Il resto è offerto da antivaccinisti che in periodo di pandemia ricamano teorie varie sulla sua disgrazia, compagni di ospedale, amici, conoscenti. Ma prima di spiegare il meccanismo comico con cui rilegge questa storia, e che le sembra perfino scontato, fa delle precisazioni: poteva andarle peggio e il lieto fine (”spoiler: altrimenti non sarei qui”) aiuta il pubblico a riderne e a sentirsi in pace con se stesso mentre lo fa. “Qualcuno addirittura si commuove, ma non lo capisco.
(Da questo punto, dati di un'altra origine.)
lemma polar_factor_orthogonal_conj:
  fixes Q G S S' :: "real mat"
  assumes Q: "Q \<in> carrier_mat m m" and orth: "transpose_mat Q * Q = 1\<^sub>m m"
    and G: "G \<in> carrier_mat m m" and S: "S \<in> carrier_mat m m" and S': "S' \<in> carrier_mat m m"
    and sym: "transpose_mat S = S" and pos: "pos_def_mat m S"
    and sq: "S * S = transpose_mat G * G" and inv: "S * S' = 1\<^sub>m m"
  defines "Qconj X \<equiv> Q * X * transpose_mat Q"
  shows "Qconj G * inv_mat (pd_sqrt_mat (transpose_mat (Qconj G) * Qconj G)) = Qconj (G * S')"
proof -
  have conj_carrier: "Qconj X \<in> carrier_mat m m" if "X \<in> carrier_mat m m" for X
    unfolding Qconj_def using Q that by auto
  have conj_mult: "Qconj X * Qconj Y = Qconj (X * Y)"
    if "X \<in> carrier_mat m m" "Y \<in> carrier_mat m m" for X Y
    unfolding Qconj_def by (rule orthogonal_conj_mult[OF Q orth that])
  have orth': "Q * transpose_mat Q = 1\<^sub>m m"
    using mat_mult_left_right_inverse[OF _ Q orth] Q by simp
  have "transpose_mat (Qconj G) * Qconj G = Qconj (transpose_mat G) * Qconj G"
    unfolding Qconj_def orthogonal_conj_transpose[OF Q G] ..
  also have "\<dots> = Qconj S * Qconj S"
    using G S by (simp only: conj_mult transpose_carrier_mat sq)
  also have "pd_sqrt_mat \<dots> = Qconj S"
  proof (rule pd_sqrt_mat_eqI)
    show "Qconj S \<in> carrier_mat m m"
      using conj_carrier[OF S] .
    show "transpose_mat (Qconj S) = Qconj S"
      unfolding Qconj_def orthogonal_conj_transpose[OF Q S] sym ..
    show "pos_def_mat m (Qconj S)"
      unfolding Qconj_def by (rule pos_def_orthogonal_conj[OF Q orth' S pos])
  qed (use conj_carrier[OF S] in simp_all)
  also have "inv_mat (Qconj S) = Qconj S'"
  proof (rule inv_mat_eqI[OF conj_carrier[OF S] conj_carrier[OF S']])
    have "Qconj S * Qconj S' = Qconj (1\<^sub>m m)"
      using conj_mult[OF S S'] inv by simp
    then show "Qconj S * Qconj S' = 1\<^sub>m m"
      using Q orth' by (simp add: Qconj_def)
  qed
  finally show ?thesis
    using conj_mult G S' by simp
qed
In assoluto, preferisco quelli che mi dicono: ‘Mi dispiace troppo, ma non ho potuto non ridere’. Comunque sto registrando diversi tipi di risposte”.

Per comprendere Poverina, però, bisogna partire proprio dal finale. Non ci sono insegnamenti, né per l’autrice né per noi; non ci sono frasi motivazionali, passaggi a effetto su come affrontare momenti del genere; la protagonista non ne esce rinata, non ne esce diversa. Il ritorno a casa è, banalmente, la riconquista di una detestabile routine, come in quella scena di I Simpson in cui Homer crede di morire per un’intossicazione, poi scopre che i medici si sbagliavano e promette a se stesso di godersi ogni istante di vita futura, salvo riscoprirsi già nei titoli di coda a vedere il solito scemo programma alla televisione disteso sul divano. Faceva ridere nel 1991, fa ridere oggi.

“La mia comicità non rappresenta nessuno e non nasce per confortare”

È un gioco di prospettive, è lo scarto spiazzante tra aspettative e realtà, tra la promessa di come immaginiamo si debbano vivere certi eventi e come si vivono davvero. “Ho puntato molto su questa differenza”, spiega Galeazzi. “Il fatto è che non abbiamo un rapporto con la morte e la malattia. Le abbiamo rimosse, pensiamo non esistano. Così il discorso in merito, specie da parte di chi non ne è coinvolto, è retorico. Il malato è un guerriero, combatte, o è una vittima. E se è malato, allora è solo malato, non può essere altro nella vita. Ed è, soprattutto, ‘poverino’. Non è empatico quell’aggettivo, è spersonalizzante. E da quando sono stata ricoverata ho avuto tante prove della scarsa sensibilità altrui”.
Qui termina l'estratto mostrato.